ATCI Overseas Corporation, in behalf of its principal, the Kuwaiti Ministry


of Public Health hired Josefina Echin as a medical technologist for a period
of two (2) years with a monthly salary of $1,200.00 under a MOA. The
MOA requires newly hired employees to undergo a probationary period of
one (1) year, and are covered by the Kuwait’s Civil Service Board
Employment Contract No. 2. Less than a week into her first year of
employment, Echin was terminated for not having passed the probationary
period. Echin filed with the NLRC a complaint for illegal dismissal against
ATCI and the Ministry. The Labor Arbiter found Echin to have been
illegally dismissed as there was no showing that there was just cause to
warrant her dismissal. The Labor Arbiter’s ruling was affirmed by the
NLRC and the CA. ATCI and its principal disown liability because Echin’s
contract stipulates that her employment shall be governed by the Civil
Service Law and Regulations of Kuwait.
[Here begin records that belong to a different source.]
text \<open>
  Deciding \<open>g \<in> \<pi>(S)\<close> is the same as deciding whether \<open>S \<cdot> g\<^sup>-\<^sup>1\<close> is product-one, so
  equivalent sequences have equal product sets. Conversely \<open>\<pi>(S) = \<pi>(S')\<close> implies
  \<open>S \<sim> S'\<close> as soon as both sequences are multiplicative, i.e. \<open>\<pi>(S \<cdot> T) = \<pi>(S) \<pi>(T)\<close>
  for all \<open>T\<close>. This holds when \<open>S\<close> is central, because central terms can be pulled out of
  any ordering, and when \<open>\<pi>(S)\<close> is a coset of \<open>G'\<close>, because all orderings of a sequence
  have the same product modulo \<open>G'\<close>. Finally \<open>\<pi>(S)\<close> is a singleton iff the terms of \<open>S\<close>
  commute pairwise: two orderings differing by a swap of their first two factors have
  different products unless those factors commute.
\<close>

lemma mset_eq_add_mset_split:
  assumes "mset xs = add_mset x S"
  obtains ys zs where "xs = ys @ x # zs" "mset (ys @ zs) = S"
proof -
  have "x \<in> set xs" using assms by (metis set_mset_mset union_single_eq_member)
  then obtain ys zs where "xs = ys @ x # zs" by (meson split_list)
  with assms show thesis by (intro that) auto
qed
(* Let $A\in\mathbb{C}^{M\times N}$ be a deterministic matrix with $m$th row $a_m^H$. Let $x\sim\mathcal{CN}(0_{N\times1},\sigma_x^2I_N)$ (i.i.d. circularly-symmetric complex Gaussian), $e^z\sim\mathcal{CN}(0_{M\times1},C_{e^z})$ circularly-symmetric complex Gaussian, and $e^y\sim\mathcal{N}(\bar e^y,C_{e^y})$ a real Gaussian vector, with $x,e^z,e^y$ independent. Let $y=|Ax+e^z|^2+e^y\in\mathbb{R}^M$ (entrywise squared modulus) and use the identity preprocessing $\mathcal{T}(y)=y$. Define $$C_z=\sigma_x^2AA^H+C_{e^z},\quad \bar y=\mathrm{diag}(C_z)+\bar e^y,\quad T=C_z\odot C_z^*+C_{e^y},$$ assume $T$ is invertible, let $t\in\mathbb{R}^M$ solve $Tt=y-\bar y$, and let $V_m=\sigma_x^4a_ma_m^H$ for $m=1,\dots,M$. Then the matrix of the form $W_0+\sum_{m=1}^My_mW_m$ ($W_m\in\mathbb{C}^{N\times N}$) minimizing $\mathbb{E}[\|W_0+\sum_{m}y_mW_m-xx^H\|_F^2]$ is $$D_y^{\mathbb{C}}=\sigma_x^2I_N+\sum_{m=1}^Mt_mV_m,$$ and its spectral MSE is $$\mathbb{E}\big[\|D^{\mathbb{C}}_y-xx^H\|_F^2\big]=\mathbb{E}\big[\|xx^H-\sigma_x^2I_N\|_F^2\big]-\sum_{m=1}^M\sum_{m'=1}^M[T^{-1}]_{m,m'}\mathrm{tr}\big(V_m^HV_{m'}\big).$$
   Context: $\odot$ is the entrywise (Hadamard) product, $C_z^*$ the entrywise complex conjugate, $\mathrm{diag}(C)$ the vector of diagonal entries of $C$. Expectations are over $x,e^z,e^y$. The linear spectral estimate of $x$ is a scaled leading eigenvector of $D_y^{\mathbb{C}}$, i.e., a minimizer of $\|D_y^{\mathbb{C}}-\tilde x\tilde x^H\|_F$ over $\tilde x\in\mathbb{C}^N$. *)

theory Defs
  imports "HOL-Probability.Probability"
begin
theorem corollary3p2:
  fixes M :: "'w pmf"
    and L :: "'w \<Rightarrow> nat"
    and X :: "'w \<Rightarrow> 'x"
    and T :: "'w \<Rightarrow> 't"
    and Tk :: "'w \<Rightarrow> 'm"
  assumes L01: "\<forall>w \<in> set_pmf M. L w \<in> {0, 1}"
    and finX: "finite (X ` set_pmf M)"
    and finT: "finite (T ` set_pmf M)"
    and finTk: "finite (Tk ` set_pmf M)"
    and indep: "\<forall>t. prb M (\<lambda>w. T w = t) > 0 \<longrightarrow>
        (\<forall>x m. cprb M (\<lambda>w. X w = x \<and> Tk w = m) (\<lambda>w. T w = t \<and> L w = 0) =
               cprb M (\<lambda>w. X w = x) (\<lambda>w. T w = t \<and> L w = 0) *
               cprb M (\<lambda>w. Tk w = m) (\<lambda>w. T w = t \<and> L w = 0))"
    and pos: "\<forall>x t. prb M (\<lambda>w. X w = x \<and> T w = t) > 0 \<longrightarrow>
        cprb M (\<lambda>w. L w = 0) (\<lambda>w. X w = x \<and> T w = t) > 0"
  shows "ereal (cond_mi M X Tk T)
           \<le> susp M L (\<lambda>w. (X w, (T w, Tk w))) - susp M L (\<lambda>w. (X w, T w))"
proof -
  let ?Y3 = "\<lambda>w. (X w, (T w, Tk w))" and ?Y2 = "\<lambda>w. (X w, T w)"
  have fin3: "finite (?Y3 ` set_pmf M)" using finX finT finTk by (intro finite_range_pair)
  have fin2: "finite (?Y2 ` set_pmf M)" using finX finT by (rule finite_range_pair)
  have safe2_pos: "safe_prb M L ?Y2 w > 0" if "w \<in> set_pmf M" for w
    using pos prb_pos[OF that, of "\<lambda>v. X v = X w \<and> T v = T w"] by (simp add: safe_prb_def)
  note susp2 = susp_as_expectation[OF fin2 safe2_pos]
  show ?thesis
  proof (cases "\<exists>w \<in> set_pmf M. safe_prb M L ?Y3 w = 0")
    case True
    then have "susp M L ?Y3 = \<infinity>" using susp_infinite[OF fin3] by blast
    then show ?thesis using susp2 by simp
  next
    case False
    have safe3_pos: "safe_prb M L ?Y3 w > 0" if "w \<in> set_pmf M" for w
      using False that cprb_nonneg[of M "\<lambda>v. L v = 0" "\<lambda>v. ?Y3 v = ?Y3 w"]
      by (auto simp: less_le safe_prb_def)
    have "cond_mi M X Tk T \<le> (\<integral>w. - log 2 (safe_prb M L ?Y3 w) \<partial>measure_pmf M)
                              - (\<integral>w. - log 2 (safe_prb M L ?Y2 w) \<partial>measure_pmf M)"
    proof (rule cond_mi_le_suspicion_increment[OF finX finTk finT safe3_pos])
      show "cprb M (\<lambda>v. X v = X w \<and> Tk v = Tk w) (\<lambda>v. T v = T w \<and> L v = 0) =
            cprb M (\<lambda>v. X v = X w) (\<lambda>v. T v = T w \<and> L v = 0) *
            cprb M (\<lambda>v. Tk v = Tk w) (\<lambda>v. T v = T w \<and> L v = 0)" if "w \<in> set_pmf M" for w
        using indep prb_pos[OF that, of "\<lambda>v. T v = T w"] by blast
    qed
    then show ?thesis using susp2 susp_as_expectation[OF fin3 safe3_pos] by simp
  qed
qed
(* Let $\mathfrak{g}$ be a $6$-dimensional real Lie algebra with a coherent splitting $\mathfrak{g}^*=V_1\oplus V_2$ such that $h^{0,4}=0$ and $h^{0,3}=0$. Then $\mathfrak{g}$ has no half-flat structure.
   Context: Let $d\colon\Lambda^k\mathfrak{g}^*\to\Lambda^{k+1}\mathfrak{g}^*$ be the Chevalley–Eilenberg differential ($d\alpha(X,Y)=-\alpha([X,Y])$ on $1$-forms, extended as a derivation). An $\mathrm{SU}(3)$-structure on a $6$-dimensional Lie algebra $\mathfrak{g}$ is a pair $(\omega,\psi^+)\in\Lambda^2\mathfrak{g}^*\times\Lambda^3\mathfrak{g}^*$ such that for some basis $\eta^1,\dots,\eta^6$ of $\mathfrak{g}^*$ and some $3$-form $\psi^-$ one has $\omega=\eta^{12}+\eta^{34}+\eta^{56}$ and $\psi^++i\psi^-=(\eta^1+i\eta^2)\wedge(\eta^3+i\eta^4)\wedge(\eta^5+i\eta^6)$. It is half-flat if $d\omega\wedge\omega=0$ and $d\psi^+=0$. A coherent splitting of $\mathfrak{g}$ is a decomposition $\mathfrak{g}^*=V_1\oplus V_2$ into vector subspaces with $\dim V_1=2$ such that, setting $\Lambda^{p,q}=\Lambda^pV_1\otimes\Lambda^qV_2\subset\Lambda^{p+q}\mathfrak{g}^*$, one has $d(\Lambda^{p,q})\subset\Lambda^{p+1,q}+\Lambda^{p+2,q-1}$ for all $p,q$. For such a splitting let $F^k_p=\bigoplus_{p'\ge p}\Lambda^{p',k-p'}$, let $Z^k$ be the space of closed $k$-forms, $H^k$ the $k$-th cohomology of $(\Lambda^*\mathfrak{g}^*,d)$, and $H^k_p\subset H^k$ the image of $Z^k\cap F^k_p$. Define $H^{p,q}=H^{p+q}_p/H^{p+q}_{p+1}$ and $h^{p,q}=\dim H^{p,q}$. *)

theory Defs
  imports "HOL-Analysis.Analysis" "HOL-Library.Numeral_Type"
begin
definition is_dual :: "complex set \<Rightarrow> nat \<Rightarrow> (nat \<Rightarrow> complex^'n) \<Rightarrow> (nat \<Rightarrow> complex^'n) \<Rightarrow> bool" where
  "is_dual K N F G \<longleftrightarrow> is_frame K N G \<and>
     (\<forall>f. Kvec K f \<longrightarrow> f = (\<Sum>i=1..N. cinner f (F i) *s G i) \<and>
                        f = (\<Sum>i=1..N. cinner f (G i) *s F i))"

definition frame_op :: "nat \<Rightarrow> (nat \<Rightarrow> complex^'n) \<Rightarrow> complex^'n \<Rightarrow> complex^'n" where
  "frame_op N F f = (\<Sum>i=1..N. cinner f (F i) *s F i)"

definition canonical_dual :: "complex set \<Rightarrow> nat \<Rightarrow> (nat \<Rightarrow> complex^'n) \<Rightarrow> nat \<Rightarrow> complex^'n" where
  "canonical_dual K N F i = inv_into {f. Kvec K f} (frame_op N F) (F i)"

definition prob_seq :: "nat \<Rightarrow> (nat \<Rightarrow> real) \<Rightarrow> bool" where
  "prob_seq N p \<longleftrightarrow> (\<forall>i\<in>{1..N}. 0 \<le> p i \<and> p i \<le> 1) \<and> (\<Sum>i=1..N. p i) = 1"

definition weight_num :: "nat \<Rightarrow> nat \<Rightarrow> (nat \<Rightarrow> real) \<Rightarrow> nat \<Rightarrow> real" where
  "weight_num N n p i = (\<Sum>j=1..N. p j) / ((\<Sum>j=1..N. p j) - p i) * ((real N - 1) / real n)"

definition err_op :: "(nat \<Rightarrow> real) \<Rightarrow> (nat \<Rightarrow> complex^'n) \<Rightarrow> (nat \<Rightarrow> complex^'n)
    \<Rightarrow> nat set \<Rightarrow> complex^'n \<Rightarrow> complex^'n" where
  "err_op q F G \<Lambda> f = (\<Sum>i\<in>\<Lambda>. (complex_of_real (q i) * cinner f (F i)) *s G i)"

definition op_norm :: "complex set \<Rightarrow> (complex^'n \<Rightarrow> complex^'n) \<Rightarrow> real" where
  "op_norm K T = Sup {norm (T v) | v. Kvec K v \<and> norm v \<le> 1}"

text \<open>Spectral radius: largest modulus of a (complex) eigenvalue; for K = reals this is
  the spectral radius of the complexification, which is given by the same formula.\<close>
definition spec_rad :: "(complex^'n \<Rightarrow> complex^'n) \<Rightarrow> real" where
  "spec_rad T = Sup {cmod l | l. \<exists>v. v \<noteq> 0 \<and> T v = l *s v}"

definition O1 :: "complex set \<Rightarrow> nat \<Rightarrow> (nat \<Rightarrow> real) \<Rightarrow> (nat \<Rightarrow> complex^'n) \<Rightarrow> (nat \<Rightarrow> complex^'n) \<Rightarrow> real" where
  "O1 K N q F G = Max {op_norm K (err_op q F G \<Lambda>) | \<Lambda>. \<Lambda> \<subseteq> {1..N} \<and> card \<Lambda> = 1}"

definition r1 :: "nat \<Rightarrow> (nat \<Rightarrow> real) \<Rightarrow> (nat \<Rightarrow> complex^'n) \<Rightarrow> (nat \<Rightarrow> complex^'n) \<Rightarrow> real" where
  "r1 N q F G = Max {spec_rad (err_op q F G \<Lambda>) | \<Lambda>. \<Lambda> \<subseteq> {1..N} \<and> card \<Lambda> = 1}"

definition A1 :: "complex set \<Rightarrow> nat \<Rightarrow> (nat \<Rightarrow> real) \<Rightarrow> (nat \<Rightarrow> complex^'n) \<Rightarrow> (nat \<Rightarrow> complex^'n) \<Rightarrow> real" where
  "A1 K N q F G = Max {(op_norm K (err_op q F G \<Lambda>) + spec_rad (err_op q F G \<Lambda>)) / 2
                       | \<Lambda>. \<Lambda> \<subseteq> {1..N} \<and> card \<Lambda> = 1}"
lemma cosh_shift_nonzero_off_poleset:
  assumes "a > 0" "z \<notin> poleset a"
  shows "cosh (of_real a * (z - of_int k)) \<noteq> 0"
  using assms by (auto simp: cosh_shift_eq_0_iff mem_poleset_iff)

lemma Jordan_inequality:
  assumes "0 \<le> x" "x \<le> pi / 2"
  shows "2 / pi * x \<le> sin x"
proof -
  have "concave_on {0..pi/2} sin"
    by (rule f''_le0_imp_concave[where f' = cos and f'' = "\<lambda>x. - sin x"])
       (auto intro!: derivative_eq_intros sin_ge_zero)
  moreover define t where "t = x / (pi / 2)"
  moreover have "0 \<le> t" "t \<le> 1"
    using assms by (auto simp: t_def field_simps)
  ultimately have "(1 - t) * sin 0 + t * sin (pi/2) \<le> sin ((1 - t) *\<^sub>R 0 + t *\<^sub>R (pi/2))"
    by (intro concave_onD) auto
  then show ?thesis
    by (simp add: t_def mult.commute)
qed

lemma two_abs_le_abs_sin_pi:
  assumes "\<bar>u\<bar> \<le> 1/2"
  shows "2 * \<bar>u\<bar> \<le> \<bar>sin (pi * u)\<bar>"
proof -
  have "2 / pi * (pi * \<bar>u\<bar>) \<le> sin (pi * \<bar>u\<bar>)"
    using assms by (intro Jordan_inequality) auto
  moreover have "0 \<le> sin (pi * \<bar>u\<bar>)"
    using assms by (intro sin_ge_zero) auto
  then have "\<bar>sin (pi * u)\<bar> = sin (pi * \<bar>u\<bar>)"
    by (cases "u \<ge> 0") auto
  ultimately show ?thesis
    by simp
qed

lemma cfrac_bounds: "- 1/2 \<le> cfrac x" "cfrac x < 1/2"
  unfolding cfrac_def using floor_correct[of "x + 1/2"] by linarith+

lemma two_abs_cfrac_le_abs_cos: "2 * \<bar>cfrac (t / pi - 1/2)\<bar> \<le> \<bar>cos t\<bar>"
proof -
  define u where "u = cfrac (t / pi - 1/2)"
  define l where "l = \<lfloor>t / pi - 1/2 + 1/2\<rfloor>"
  have "t = pi * u + pi * of_int l + pi / 2"
    by (simp add: u_def l_def cfrac_def field_simps)
  moreover have "\<bar>cos (pi * of_int l)\<bar> = 1"
    by (rule sin_zero_abs_cos_one) simp
  ultimately have "\<bar>cos t\<bar> = \<bar>sin (pi * u)\<bar>"
    by (simp add: cos_add sin_add abs_mult)
  moreover have "\<bar>u\<bar> \<le> 1/2"
    using cfrac_bounds[of "t / pi - 1/2"] by (simp add: u_def)
  ultimately show ?thesis
    using two_abs_le_abs_sin_pi[of u] by (simp add: u_def)
qed

lemma analytic_on_infsum:
  fixes f :: "'a \<Rightarrow> complex \<Rightarrow> complex"
  assumes "open S" "\<And>k. k \<in> I \<Longrightarrow> f k holomorphic_on S"
    and "\<And>k z. k \<in> I \<Longrightarrow> z \<in> S \<Longrightarrow> norm (f k z) \<le> M k" "M summable_on I"
  shows "(\<lambda>z. \<Sum>\<^sub>\<infinity>k\<in>I. f k z) analytic_on S"
  unfolding analytic_on_def
proof
  fix z assume "z \<in> S"
  then obtain r where r: "r > 0" "cball z r \<subseteq> S"
    using \<open>open S\<close> open_contains_cball by blast
  have ulim: "uniform_limit (cball z r) (\<lambda>X w. \<Sum>k\<in>X. f k w) (\<lambda>w. \<Sum>\<^sub>\<infinity>k\<in>I. f k w)
          (finite_subsets_at_top I)"
    using r assms(3,4) by (intro Weierstrass_m_test_general) auto
  have ev: "eventually (\<lambda>X. continuous_on (cball z r) (\<lambda>w. \<Sum>k\<in>X. f k w) \<and>
      (\<lambda>w. \<Sum>k\<in>X. f k w) holomorphic_on ball z r) (finite_subsets_at_top I)"
  proof (rule eventually_finite_subsets_at_top_weakI)
    fix X assume "finite X" "X \<subseteq> I"
    then have "(\<lambda>w. \<Sum>k\<in>X. f k w) holomorphic_on cball z r"
      using r assms(2) by (intro holomorphic_on_sum) (auto intro: holomorphic_on_subset)
    then show "continuous_on (cball z r) (\<lambda>w. \<Sum>k\<in>X. f k w) \<and>
        (\<lambda>w. \<Sum>k\<in>X. f k w) holomorphic_on ball z r"
      using ball_subset_cball holomorphic_on_imp_continuous_on holomorphic_on_subset by blast
  qed
  have "(\<lambda>w. \<Sum>\<^sub>\<infinity>k\<in>I. f k w) holomorphic_on ball z r"
    by (rule holomorphic_uniform_limit[OF ev ulim]) simp_all
  then show "\<exists>e>0. (\<lambda>w. \<Sum>\<^sub>\<infinity>k\<in>I. f k w) holomorphic_on ball z e"
    using r by blast
qed

lemma zorder_inverse_simple_zero_plus_holomorphic:
  fixes h g :: "complex \<Rightarrow> complex"
  assumes "open S" "z \<in> S" "h holomorphic_on S" "g holomorphic_on S"
    and "h z = 0" "deriv h z \<noteq> 0" "c \<noteq> 0"
  shows "zorder (\<lambda>w. c * inverse (h w) + g w) z = -1"
proof -
  (* h w = q w * (w - z) with q holomorphic and q z = deriv h z \<noteq> 0, so near z the function
     equals (c / q w + (w - z) * g w) / (w - z). *)
  define q where "q w = (if w = z then deriv h z else (h w - h z) / (w - z))" for w
  have q_hol: "q holomorphic_on S"
    unfolding q_def[abs_def] using assms(1,2,3) by (intro pole_lemma) (auto simp: interior_open)
  define T where "T = S \<inter> q -` (- {0})"
  have "open T"
    unfolding T_def using assms(1) q_hol
    by (intro continuous_open_preimage holomorphic_on_imp_continuous_on) auto
  moreover have "z \<in> T"
    using assms(2,6) by (simp add: T_def q_def)
  moreover have "(\<lambda>w. c / q w + (w - z) * g w) holomorphic_on T"
    using holomorphic_on_subset[OF q_hol] holomorphic_on_subset[OF assms(4)]
    by (intro holomorphic_intros) (auto simp: T_def)
  moreover have "c / q z + (z - z) * g z \<noteq> 0"
    using assms(6,7) by (simp add: q_def)
  moreover have "c * inverse (h w) + g w = (c / q w + (w - z) * g w) * (w - z) powi (-1)"
    if "w \<in> T" "w \<noteq> z" for w
  proof -
    have hw: "h w = q w * (w - z)" and "q w \<noteq> 0"
      using that assms(5) by (auto simp: q_def T_def)
    then show ?thesis
      using that by (simp only: hw) (simp add: power_int_minus field_simps)
  qed
  ultimately show ?thesis
    by (intro zorder_eqI) auto
qed

lemma summable_on_exp_neg_abs_int:
  fixes a :: real
  assumes "a > 0"
  shows "(\<lambda>k::int. exp (- a * \<bar>of_int k\<bar>)) summable_on UNIV"
proof -
  have "summable (\<lambda>n::nat. exp (- a) ^ n)"
    using summable_geometric[of "exp (- a)"] assms by simp
  then have "(\<lambda>n::nat. exp (- a) ^ n) summable_on UNIV"
    by (simp add: summable_on_UNIV_nonneg_real_iff)
  moreover have "exp (- a * \<bar>of_int (int n)\<bar>) = exp (- a) ^ n" for n
    by (simp flip: exp_of_nat_mult add: mult.commute)
  ultimately have "(\<lambda>k::int. exp (- a * \<bar>of_int k\<bar>)) summable_on range int"
    by (subst summable_on_reindex) (simp_all add: o_def)
  moreover from this have "(\<lambda>k::int. exp (- a * \<bar>of_int k\<bar>)) summable_on uminus ` range int"
    by (subst summable_on_reindex) (simp_all add: o_def)
  moreover have "(UNIV :: int set) = range int \<union> uminus ` range int"
  proof (intro set_eqI iffI)
    fix k :: int
    show "k \<in> range int \<union> uminus ` range int"
      by (cases k rule: int_cases) (auto simp del: of_nat_Suc)
  qed auto
  ultimately show ?thesis
    by (metis summable_on_union)
qed

lemma exp_neg_abs_int_shift:
  fixes a :: real and m :: int
  assumes "a > 0"
  shows "(\<lambda>k::int. exp (- a * \<bar>of_int k - of_int m\<bar>)) summable_on UNIV"
    and "(\<Sum>\<^sub>\<infinity>k::int. exp (- a * \<bar>of_int k - of_int m\<bar>)) = (\<Sum>\<^sub>\<infinity>k::int. exp (- a * \<bar>of_int k\<bar>))"
proof -
  have b: "bij_betw (\<lambda>k::int. k - m) UNIV UNIV"
    by (rule bij_betwI[where g = "\<lambda>k. k + m"]) auto
  show "(\<lambda>k::int. exp (- a * \<bar>of_int k - of_int m\<bar>)) summable_on UNIV"
    using summable_on_reindex_bij_betw[OF b, of "\<lambda>k. exp (- a * \<bar>of_int k\<bar>)"]
      summable_on_exp_neg_abs_int[OF assms] by simp
  show "(\<Sum>\<^sub>\<infinity>k::int. exp (- a * \<bar>of_int k - of_int m\<bar>)) = (\<Sum>\<^sub>\<infinity>k::int. exp (- a * \<bar>of_int k\<bar>))"
    using infsum_reindex_bij_betw[OF b, of "\<lambda>k. exp (- a * \<bar>of_int k\<bar>)"] by simp
qed
lemma two_cliques_mac_le: "mac {..<2 * n} w \<le> real n / (real n - 1) * l_fun t"
proof (rule mac_leI)
  fix X assume X: "X \<subseteq> {..<2 * n}"
  define p where "p = real (card (X \<inter> {..<n})) / real n"
  define q where "q = real (card (X \<inter> {n..<2 * n})) / real n"
  have "card (X \<inter> {..<n}) \<le> n" "card (X \<inter> {n..<2 * n}) \<le> n"
    using card_mono[of "{..<n}" "X \<inter> {..<n}"] card_mono[of "{n..<2 * n}" "X \<inter> {n..<2 * n}"] by auto
  then have pq: "0 \<le> p" "p \<le> 1" "0 \<le> q" "q \<le> 1" using n by (auto simp: p_def q_def)
  have ratio: "real n / (real n - 1) \<ge> 1" using n by simp
  have scale: "(1 - t) / (2 * N * (N - 1)) * (x * N) * (N - x * N) = N / (N - 1) * ((1 - t) / 2 * (x * (1 - x)))"
    "t / N\<^sup>2 * (x * N) * (N - y * N) = t * x * (1 - y)" if "N > 1" for N x y :: real
    using that by (simp_all add: field_simps power2_eq_square)
  have "real (card (X \<inter> {..<n})) = p * real n" "real (card (X \<inter> {n..<2 * n})) = q * real n"
    using n by (simp_all add: p_def q_def)
  moreover have "real n > 1" using n by simp
  ultimately have "cut_weight w X ({..<2 * n} - X)
      = real n / (real n - 1) * ((1 - t) / 2 * (p * (1 - p) + q * (1 - q))) + t * p * (1 - q)"
    unfolding two_cliques_cut_weight[OF X] clique_arc_weight_def cross_arc_weight_def
    by (simp only: scale distrib_left)
  also have "\<dots> \<le> real n / (real n - 1) * ((1 - t) / 2 * (p * (1 - p) + q * (1 - q)) + t * p * (1 - q))"
    using mult_right_mono[OF ratio, of "t * p * (1 - q)"] pq t by (simp add: distrib_left)
  also have "\<dots> \<le> real n / (real n - 1) * l_fun t"
    using two_block_cut_density_le_l_fun[OF t pq] n by (intro mult_left_mono) auto
  finally show "cut_weight w X ({..<2 * n} - X) \<le> real n / (real n - 1) * l_fun t" .
qed simp

end

lemma le_of_le_n_over_n_minus_one_mult:
  fixes g c :: real
  assumes "\<And>n. 2 \<le> n \<Longrightarrow> g \<le> real n / (real n - 1) * c"
  shows "g \<le> c"
proof (rule LIMSEQ_le_const)
  show "(\<lambda>n. real (Suc n) / real n * c) \<longlonglongrightarrow> c"
    using tendsto_mult_right[OF LIMSEQ_Suc_n_over_n, of c] by simp
  show "\<exists>N. \<forall>n\<ge>N. g \<le> real (Suc n) / real n * c"
  proof (intro exI allI impI)
    fix n :: nat assume "1 \<le> n"
    then show "g \<le> real (Suc n) / real n * c" using assms[of "Suc n"] by simp
  qed
qed

theorem mainTheorem9:
  fixes t :: real
  assumes "0 \<le> t" and "t \<le> 1"
  shows "f_fun t = l_fun t"
proof -
  define S where "S = {g. \<forall>V w. weighted_digraph V w \<and> total_weight V w > 0 \<and> theta V w = t
                 \<longrightarrow> mac V w \<ge> g * total_weight V w}"
  have "l_fun t \<in> S" unfolding S_def using mac_ge_l_fun assms(1) by blast
  moreover have "g \<le> l_fun t" if "g \<in> S" for g
  proof (rule le_of_le_n_over_n_minus_one_mult)
    fix n :: nat assume "2 \<le> n"
    note n = \<open>2 \<le> n\<close> assms
    have "g * total_weight {..<2 * n} (two_cliques n t) \<le> mac {..<2 * n} (two_cliques n t)"
      using that[unfolded S_def, simplified, rule_format, of "{..<2 * n}" "two_cliques n t"]
        two_cliques_weighted_digraph[OF n] two_cliques_theta[OF n] two_cliques_total_weight[OF n]
      by simp
    then show "g \<le> real n / (real n - 1) * l_fun t"
      using two_cliques_mac_le[OF n] two_cliques_total_weight[OF n] by simp
  qed
  ultimately have "Sup S = l_fun t" by (intro cSup_eq_maximum) auto
  then show ?thesis unfolding f_fun_def S_def .
qed

end
lemma two_powr_ge_grid_quadratic:
  fixes G K x :: real and m p :: nat
  assumes "0 \<le> G" "0 < K" "(K * 2 ^ m) ^ 8 \<le> 2 ^ p" "real p / 8 \<le> x"
  shows "G * K * (1 + 2/3 * (x - real p / 8) + 2/9 * (x - real p / 8)\<^sup>2) \<le> G * 2 powr (x - real m)"
proof -
  define a where "a = real p / 8"
  \<comment> \<open>the eighth power certifies the rational K as a lower bound for 2 powr (a - m)\<close>
  have "log 2 (K * 2 ^ m) \<le> a"
    using log2_le_of_power_le[of "K * 2 ^ m" 8 p] assms(2,3) by (simp add: a_def)
  then have "K * 2 ^ m \<le> 2 powr a"
    using assms(2) by (simp add: log_le_iff)
  then have "K \<le> 2 powr (a - real m)"
    by (simp add: powr_diff powr_realpow field_simps)
  then have "K * (1 + 2/3 * (x - a) + 2/9 * (x - a)\<^sup>2) \<le> 2 powr (a - real m) * 2 powr (x - a)"
    using two_powr_ge_quadratic[of "x - a"] assms(2,4) by (intro mult_mono) (auto simp: a_def)
  also have "\<dots> = 2 powr (x - real m)" by (simp flip: powr_add)
  finally show ?thesis
    using assms(1) unfolding a_def by (simp add: mult.assoc mult_left_mono)
qed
Thus, they contended that the
labor tribunals and CA erred in applying Philippine Labor Code provisions
governing probationary employment in deciding the case. The POEA rules
in fact accord respect to the rules, customs and practices of the host
country.

What law should govern the employment of Echin

Philippine law. Petitioners’ contentions were unsubstantiated. It is


hornbook principle in international law that the party invoking the
application of a foreign law has the burden of proving the law, under the
doctrine of processual presumption which, in this case, petitioners failed to
discharge. Where a foreign law is not pleaded or, even if pleaded, is not
proved, the presumption is that foreign law is the same as ours. To prove a
foreign law, the party invoking it must present a copy thereof and comply
with Sections 24 and 25 of Rule 132 of the Revised Rules of Court. Instead
of submitting a copy of the pertinent Kuwaiti labor laws duly
authenticated and translated by Embassy officials thereat, as required
under the Rules, what petitioners submitted were mere certifications
attesting only to the correctness of the translations of the MOA and the
termination letter which does not prove at all that Kuwaiti civil service
laws differ from Philippine laws and that under such Kuwaiti laws,
respondent was validly terminated. These documents, whether taken
singly or as a whole, do not sufficiently prove that respondent was validly
terminated as a probationary employee under Kuwaiti civil service laws.